*THE TASK*
With the line containing "(cases ps) auto" as the start and the line containing "fixes p m :: nat" as the end, transcribe that span of the entries below exactly, including both.

=== Begin Enclosure ===

(* Every even weakly $\varphi^*$-practical number is practical.
   Context: $\varphi^*$ is the multiplicative function with $\varphi^*(p^k)=p^k-1$ for primes $p$ and $k\ge1$ (unitary totient). For multiplicative $f$, $S_f(n)=\sum_{d\mid n}f(d)$. Write $n=p_1^{e_1}\cdots p_k^{e_k}$ with distinct primes ordered so that $f(p_1)\le\cdots\le f(p_k)$, and let $m_i=\prod_{j=1}^{i}p_j^{e_j}$ for $0\le i<k$ ($m_0=1$); $n$ is weakly $f$-practical if $f(p_{i+1})\le S_f(m_i)+1$ for every $0\le i<k$. A positive integer $n$ is practical if every integer $m$ with $1\le m\le n$ is a sum of distinct positive divisors of $n$. *)

theory Defs
  imports "HOL-Computational_Algebra.Primes"
begin

definition unitary_totient :: "nat \<Rightarrow> nat" where
  "unitary_totient n = (\<Prod>p\<in>prime_factors n. p ^ multiplicity p n - 1)"

definition divisor_sum :: "(nat \<Rightarrow> nat) \<Rightarrow> nat \<Rightarrow> nat" where
  "divisor_sum f n = (\<Sum>d\<in>{d. d dvd n}. f d)"

text \<open>Weakly f-practical: list the distinct primes p_1,...,p_k of n with f(p_1) <= ... <= f(p_k);
  m_i = prod_{j<=i} p_j^{e_j} (here with 0-based list indices, m for index i is the product over j < i);
  require f(p_{i+1}) <= S_f(m_i) + 1 for all i.\<close>
definition weakly_f_practical :: "(nat \<Rightarrow> nat) \<Rightarrow> nat \<Rightarrow> bool" where
  "weakly_f_practical f n \<longleftrightarrow> n \<ge> 1 \<and>
     (\<exists>ps. distinct ps \<and> set ps = prime_factors n \<and> sorted (map f ps) \<and>
        (\<forall>i<length ps. f (ps ! i) \<le>
            divisor_sum f (\<Prod>j<i. (ps ! j) ^ multiplicity (ps ! j) n) + 1))"

definition practical :: "nat \<Rightarrow> bool" where
  "practical n \<longleftrightarrow> n > 0 \<and>
     (\<forall>m\<in>{1..n}. \<exists>D. D \<subseteq> {d. d dvd n \<and> d > 0} \<and> \<Sum>D = m)"

end

theory Submission
  imports Defs
begin

text \<open>Stewart's criterion: if the primes of \<open>n\<close> can be ordered so that each \<open>p\<^sub>i\<^sub>+\<^sub>1\<close> is at most
  \<open>\<sigma>(m\<^sub>i) + 1\<close>, then every number up to \<open>\<sigma>(n)\<close> is a sum of distinct divisors of \<open>n\<close>, so \<open>n\<close>
  is practical. For an even weakly \<open>\<phi>\<^sup>*\<close>-practical \<open>n\<close> the ordering by \<open>\<phi>\<^sup>*\<close> starts with
  \<open>p\<^sub>1 = 2\<close>, because \<open>\<phi>\<^sup>*(2) = 1\<close> is the least value of \<open>\<phi>\<^sup>*\<close> on primes. So every \<open>m\<^sub>i\<close> with
  \<open>i \<ge> 1\<close> is even, and for even \<open>m\<close> we have \<open>S\<^sub>\<phi>\<^sub>*(m) + 1 \<le> \<sigma>(m)\<close>, since \<open>\<phi>\<^sup>*(d) \<le> d\<close> and
  \<open>\<phi>\<^sup>*(2) = 2 - 1\<close>. Thus \<open>\<phi>\<^sup>*(p\<^sub>i\<^sub>+\<^sub>1) = p\<^sub>i\<^sub>+\<^sub>1 - 1 \<le> S\<^sub>\<phi>\<^sub>*(m\<^sub>i) + 1\<close> yields Stewart's condition.\<close>

definition subset_sum_complete :: "nat set \<Rightarrow> bool" where
  "subset_sum_complete A \<longleftrightarrow> (\<forall>k \<le> \<Sum>A. \<exists>S\<subseteq>A. \<Sum>S = k)"

lemma subset_sum_complete_singleton_1: "subset_sum_complete {1}"
  unfolding subset_sum_complete_def
proof (intro allI impI)
  fix k :: nat
  assume "k \<le> \<Sum>{1}"
  then have "k = \<Sum>{} \<or> k = \<Sum>{1::nat}" by auto
  then show "\<exists>S\<subseteq>{1}. \<Sum>S = k" by blast
qed

text \<open>Write \<open>k = q s + t\<close> with \<open>s\<close> a subset sum of \<open>C\<close> and \<open>t \<le> \<Sum>A\<close>: take \<open>s = min (k div q) (\<Sum>C)\<close>;
  then \<open>t\<close> is either \<open>k mod q < q\<close> or the excess over \<open>q \<Sum>C\<close>.\<close>
lemma subset_sum_complete_Un_scaled:
  fixes A C :: "nat set" and q :: nat
  assumes "finite A" "finite C" "subset_sum_complete A" "subset_sum_complete C"
    and "0 < q" "q \<le> \<Sum>A + 1" "A \<inter> (*) q ` C = {}"
  shows "subset_sum_complete (A \<union> (*) q ` C)"
  unfolding subset_sum_complete_def
proof (intro allI impI)
  have sum_scaled: "\<Sum>((*) q ` T) = q * \<Sum>T" for T
    using \<open>0 < q\<close> by (simp add: sum.reindex inj_on_def sum_distrib_left)
  fix k
  assume k: "k \<le> \<Sum>(A \<union> (*) q ` C)"
  define s where "s = min (k div q) (\<Sum>C)"
  define t where "t = k - q * s"
  have "q * s \<le> q * (k div q)" by (simp add: s_def)
  also have "\<dots> \<le> k" by simp
  finally have qs: "q * s \<le> k" .
  have "t \<le> \<Sum>A"
  proof (cases "k div q \<le> \<Sum>C")
    case True
    then have "t = k mod q" by (simp add: s_def t_def minus_div_mult_eq_mod[symmetric] mult.commute)
    then show ?thesis using \<open>0 < q\<close> \<open>q \<le> \<Sum>A + 1\<close> mod_less_divisor[of q k] by linarith
  next
    case False
    then show ?thesis
      using k assms(1,2,7) by (simp add: s_def t_def sum.union_disjoint sum_scaled)
  qed
  then obtain S where S: "S \<subseteq> A" "\<Sum>S = t"
    using \<open>subset_sum_complete A\<close> unfolding subset_sum_complete_def by blast
  have "s \<le> \<Sum>C" by (simp add: s_def)
  then obtain T where T: "T \<subseteq> C" "\<Sum>T = s"
    using \<open>subset_sum_complete C\<close> unfolding subset_sum_complete_def by blast
  have "finite S" "finite T" "S \<inter> (*) q ` T = {}"
    using S T assms(1,2,7) finite_subset by blast+
  then have "\<Sum>(S \<union> (*) q ` T) = k"
    using qs by (simp add: sum.union_disjoint sum_scaled S T t_def)
  moreover have "S \<union> (*) q ` T \<subseteq> A \<union> (*) q ` C" using S T by blast
  ultimately show "\<exists>U\<subseteq>A \<union> (*) q ` C. \<Sum>U = k" by blast
qed

lemma divisors_mult_prime_power_Suc:
  fixes m p j :: nat
  assumes "prime p" "\<not> p dvd m"
  shows "{d. d dvd m * p ^ Suc j} = {d. d dvd m} \<union> (*) p ` {d. d dvd m * p ^ j}"
proof (intro set_eqI iffI)
  fix d
  assume "d \<in> {d. d dvd m * p ^ Suc j}"
  then have d: "d dvd m * p ^ Suc j" by simp
  show "d \<in> {d. d dvd m} \<union> (*) p ` {d. d dvd m * p ^ j}"
  proof (cases "p dvd d")
    case True
    then obtain d' where d': "d = p * d'" by blast
    then have "p * d' dvd p * (m * p ^ j)" using d by (simp add: ac_simps)
    then have "d' dvd m * p ^ j" using \<open>prime p\<close> by (simp add: prime_gt_0_nat)
    then show ?thesis using d' by auto
  next
    case False
    then have "coprime d p"
      using \<open>prime p\<close> by (metis prime_imp_coprime coprime_commute)
    then have "coprime d (p ^ Suc j)" by simp
    then have "d dvd m" using d coprime_dvd_mult_left_iff by blast
    then show ?thesis by simp
  qed
next
  fix d
  assume "d \<in> {d. d dvd m} \<union> (*) p ` {d. d dvd m * p ^ j}"
  then show "d \<in> {d. d dvd m * p ^ Suc j}"
    by (auto simp: mult_dvd_mono dvd_mult2 ac_simps)
qed

lemma subset_sum_complete_divisors_mult_prime_power:
  fixes m p j :: nat
  assumes "m > 0" "prime p" "\<not> p dvd m"
    and "subset_sum_complete {d. d dvd m}" "p \<le> \<Sum>{d. d dvd m} + 1"
  shows "subset_sum_complete {d. d dvd m * p ^ j}"
proof (induction j)
  case 0
  then show ?case using assms(4) by simp
next
  case (Suc j)
  have "p > 0" using \<open>prime p\<close> prime_gt_0_nat by blast
  have "subset_sum_complete ({d. d dvd m} \<union> (*) p ` {d. d dvd m * p ^ j})"
  proof (rule subset_sum_complete_Un_scaled)
    show "{d. d dvd m} \<inter> (*) p ` {d. d dvd m * p ^ j} = {}"
      using \<open>\<not> p dvd m\<close> by (auto intro: dvd_trans)
  qed (use assms Suc.IH \<open>p > 0\<close> in simp_all)
  then show ?case using divisors_mult_prime_power_Suc[OF \<open>prime p\<close> \<open>\<not> p dvd m\<close>] by simp
qed

lemma prod_lessThan_nth_eq_prod_image:
  assumes "distinct ps" "i \<le> length ps"
  shows "(\<Prod>j<i. f (ps ! j)) = (\<Prod>q\<in>(!) ps ` {..<i}. f q)"
  using assms by (subst prod.reindex) (auto intro!: inj_on_nth)

lemma prime_not_dvd_prod_other_prime_powers:
  fixes p :: nat and Q :: "nat set" and e :: "nat \<Rightarrow> nat"
  assumes "prime p" "\<forall>q\<in>Q. prime q \<and> q \<noteq> p" "finite Q"
  shows "\<not> p dvd (\<Prod>q\<in>Q. q ^ e q)"
proof
  assume "p dvd (\<Prod>q\<in>Q. q ^ e q)"
  then obtain q where "q \<in> Q" "p dvd q ^ e q"
    using assms(1,3) by (auto simp: prime_dvd_prod_iff)
  then have "p dvd q" using \<open>prime p\<close> prime_dvd_power by blast
  then show False using assms(1,2) \<open>q \<in> Q\<close> primes_dvd_imp_eq by blast
qed

lemma subset_sum_complete_divisors_prefix_prod:
  fixes ps :: "nat list" and e :: "nat \<Rightarrow> nat"
  assumes "distinct ps" "\<forall>p\<in>set ps. prime p"
    and stewart: "\<And>i. i < length ps \<Longrightarrow>
      ps ! i \<le> \<Sum>{d. d dvd (\<Prod>j<i. ps ! j ^ e (ps ! j))} + 1"
  shows "i \<le> length ps \<Longrightarrow> subset_sum_complete {d. d dvd (\<Prod>j<i. ps ! j ^ e (ps ! j))}"
proof (induction i)
  case 0
  have "{d::nat. d dvd 1} = {1}" by auto
  then show ?case using subset_sum_complete_singleton_1 by simp
next
  case (Suc i)
  let ?m = "\<Prod>j<i. ps ! j ^ e (ps ! j)" and ?p = "ps ! i"
  have "i < length ps" using Suc.prems by simp
  have primes: "prime (ps ! j)" if "j < length ps" for j
    using assms(2) that by simp
  have "?m > 0"
    using \<open>i < length ps\<close> by (intro prod_pos) (simp add: primes prime_gt_0_nat)
  have "ps ! j \<noteq> ?p" if "j < i" for j
    using that \<open>i < length ps\<close> \<open>distinct ps\<close> by (simp add: nth_eq_iff_index_eq)
  then have "\<not> ?p dvd (\<Prod>q\<in>(!) ps ` {..<i}. q ^ e q)"
    using \<open>i < length ps\<close> primes by (intro prime_not_dvd_prod_other_prime_powers) auto
  moreover have "?m = (\<Prod>q\<in>(!) ps ` {..<i}. q ^ e q)"
    using \<open>i < length ps\<close> \<open>distinct ps\<close>
    by (intro prod_lessThan_nth_eq_prod_image[where f = "\<lambda>q. q ^ e q"]) simp_all
  ultimately have "\<not> ?p dvd ?m" by simp
  then have "subset_sum_complete {d. d dvd ?m * ?p ^ e ?p}"
    using \<open>i < length ps\<close>
    by (intro subset_sum_complete_divisors_mult_prime_power[OF \<open>?m > 0\<close>] primes Suc.IH stewart)
      simp_all
  then show ?case by simp
qed

lemma practical_if_subset_sum_complete_divisors:
  assumes "n > 0" "subset_sum_complete {d. d dvd n}"
  shows "practical n"
  unfolding practical_def
proof (intro conjI ballI)
  fix m
  assume "m \<in> {1..n}"
  moreover have "n \<le> \<Sum>{d. d dvd n}" using \<open>n > 0\<close> by (intro member_le_sum) auto
  ultimately have "m \<le> \<Sum>{d. d dvd n}" by simp
  then obtain D where "D \<subseteq> {d. d dvd n}" "\<Sum>D = m"
    using assms(2) unfolding subset_sum_complete_def by blast
  moreover have "{d. d dvd n} \<subseteq> {d. d dvd n \<and> d > 0}" using \<open>n > 0\<close> by (auto intro: gr0I)
  ultimately show "\<exists>D. D \<subseteq> {d. d dvd n \<and> d > 0} \<and> \<Sum>D = m" by blast
qed (rule \<open>n > 0\<close>)

lemma unitary_totient_le: "d > 0 \<Longrightarrow> unitary_totient d \<le> d"
proof -
  assume "d > 0"
  have "unitary_totient d \<le> (\<Prod>p\<in>prime_factors d. p ^ multiplicity p d)"
    unfolding unitary_totient_def by (rule prod_mono) auto
  also have "\<dots> = d" using \<open>d > 0\<close> by (simp add: prod_prime_factors)
  finally show ?thesis .
qed

lemma unitary_totient_prime: "prime p \<Longrightarrow> unitary_totient p = p - 1"
  by (simp add: unitary_totient_def prime_prime_factors multiplicity_self)

lemma divisor_sum_unitary_totient_less_sum_divisors:
  fixes m :: nat
  assumes "m > 0" "even m"
  shows "divisor_sum unitary_totient m + 1 \<le> \<Sum>{d. d dvd m}"
proof -
  let ?D = "{d. d dvd m} - {2}"
  have "finite {d. d dvd m}" "2 \<in> {d. d dvd m}" using assms by auto
  then have sums: "\<Sum>{d. d dvd m} = 2 + \<Sum>?D"
    "divisor_sum unitary_totient m = unitary_totient 2 + (\<Sum>d\<in>?D. unitary_totient d)"
    unfolding divisor_sum_def by (simp_all add: sum.remove)
  have "(\<Sum>d\<in>?D. unitary_totient d) \<le> \<Sum>?D"
    by (rule sum_mono) (use \<open>m > 0\<close> in \<open>auto intro!: unitary_totient_le intro: gr0I\<close>)
  then show ?thesis using sums unitary_totient_prime[of 2] by simp
qed

lemma sorted_unitary_totient_primes_nth_0:
  fixes ps :: "nat list"
  assumes "sorted (map unitary_totient ps)" "\<forall>p\<in>set ps. prime p" "2 \<in> set ps"
  shows "ps ! 0 = 2"
proof -
  obtain j where j: "j < length ps" "ps ! j = 2" using assms(3) by (metis in_set_conv_nth)
  moreover have "0 < length ps" using j(1) by arith
  ultimately have "unitary_totient (ps ! 0) \<le> unitary_totient (ps ! j)"
    using sorted_nth_mono[OF assms(1), of 0 j] by simp
  moreover have "prime (ps ! 0)" using assms(2) j by (cases ps) auto
  ultimately have "ps ! 0 - 1 \<le> 1"
    using j unitary_totient_prime[of 2] by (simp add: unitary_totient_prime)
  then show ?thesis using prime_ge_2_nat[OF \<open>prime (ps ! 0)\<close>] by simp
qed

lemma prime_le_sum_divisors_if_unitary_totient_le:
  fixes p m :: nat
  assumes "prime p" "m > 0" "even m" "unitary_totient p \<le> divisor_sum unitary_totient m + 1"
  shows "p \<le> \<Sum>{d. d dvd m} + 1"
  using assms divisor_sum_unitary_totient_less_sum_divisors[of m] unitary_totient_prime[of p]
  by simp

lemma even_prod_lessThan_nth_power:
  fixes ps :: "nat list" and e :: "nat \<Rightarrow> nat"
  assumes "ps ! 0 = 2" "e 2 > 0" "0 < i"
  shows "even (\<Prod>j<i. ps ! j ^ e (ps ! j))"
proof -
  have "ps ! 0 ^ e (ps ! 0) dvd (\<Prod>j<i. ps ! j ^ e (ps ! j))"
    using \<open>0 < i\<close> by (intro dvd_prodI) auto
  then show ?thesis using assms(1,2) by (metis dvd_power dvd_trans)
qed

lemma prod_lessThan_nth_prime_factor_powers:
  fixes n :: nat
  assumes "n > 0" "distinct ps" "set ps = prime_factors n"
  shows "(\<Prod>j<length ps. ps ! j ^ multiplicity (ps ! j) n) = n"
proof -
  have "(\<Prod>j<length ps. ps ! j ^ multiplicity (ps ! j) n) = (\<Prod>p\<in>set ps. p ^ multiplicity p n)"
    using prod_lessThan_nth_eq_prod_image[where f = "\<lambda>p. p ^ multiplicity p n",
        OF \<open>distinct ps\<close> order.refl] by (simp add: lessThan_atLeast0 nth_image)
  also have "\<dots> = n" using assms(1,3) by (simp add: prod_prime_factors)
  finally show ?thesis .
qed

theorem lemma5p1:
  fixes n :: nat
  assumes "even n" and "weakly_f_practical unitary_totient n"
  shows "practical n"
proof -
  obtain ps where "1 \<le> n" "distinct ps" and ps: "set ps = prime_factors n"
    and sorted: "sorted (map unitary_totient ps)"
    and weak: "\<And>i. i < length ps \<Longrightarrow> unitary_totient (ps ! i) \<le>
            divisor_sum unitary_totient (\<Prod>j<i. ps ! j ^ multiplicity (ps ! j) n) + 1"
    using assms(2) unfolding weakly_f_practical_def by blast
  then have "n > 0" by simp
  let ?m = "\<lambda>i. \<Prod>j<i. ps ! j ^ multiplicity (ps ! j) n"
  have primes: "\<forall>p\<in>set ps. prime p" using ps by auto
  have "2 \<in> set ps" "multiplicity 2 n > 0"
    using ps \<open>n > 0\<close> \<open>even n\<close> by (simp_all add: in_prime_factors_iff prime_multiplicity_gt_zero_iff)
  have "ps ! 0 = 2" by (rule sorted_unitary_totient_primes_nth_0[OF sorted primes \<open>2 \<in> set ps\<close>])
  have stewart: "ps ! i \<le> \<Sum>{d. d dvd ?m i} + 1" if "i < length ps" for i
  proof (cases "i = 0")
    case False
    then show ?thesis
      using that primes weak[OF that] \<open>ps ! 0 = 2\<close> \<open>multiplicity 2 n > 0\<close>
      by (intro prime_le_sum_divisors_if_unitary_totient_le even_prod_lessThan_nth_power)
        (auto intro!: prod_pos simp: prime_gt_0_nat)
  qed (simp add: \<open>ps ! 0 = 2\<close>)
  then have "subset_sum_complete {d. d dvd ?m (length ps)}"
    by (intro subset_sum_complete_divisors_prefix_prod[where e = "\<lambda>p. multiplicity p n"]
        \<open>distinct ps\<close> primes) simp_all
  then show ?thesis
    using prod_lessThan_nth_prime_factor_powers \<open>n > 0\<close> \<open>distinct ps\<close> ps
      practical_if_subset_sum_complete_divisors by simp
qed

end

=== End Enclosure ===

*YOUR RESPONSE*
  moreover have "prime (ps ! 0)" using assms(2) j by (cases ps) auto
  ultimately have "ps ! 0 - 1 \<le> 1"
    using j unitary_totient_prime[of 2] by (simp add: unitary_totient_prime)
  then show ?thesis using prime_ge_2_nat[OF \<open>prime (ps ! 0)\<close>] by simp
qed

lemma prime_le_sum_divisors_if_unitary_totient_le:
  fixes p m :: nat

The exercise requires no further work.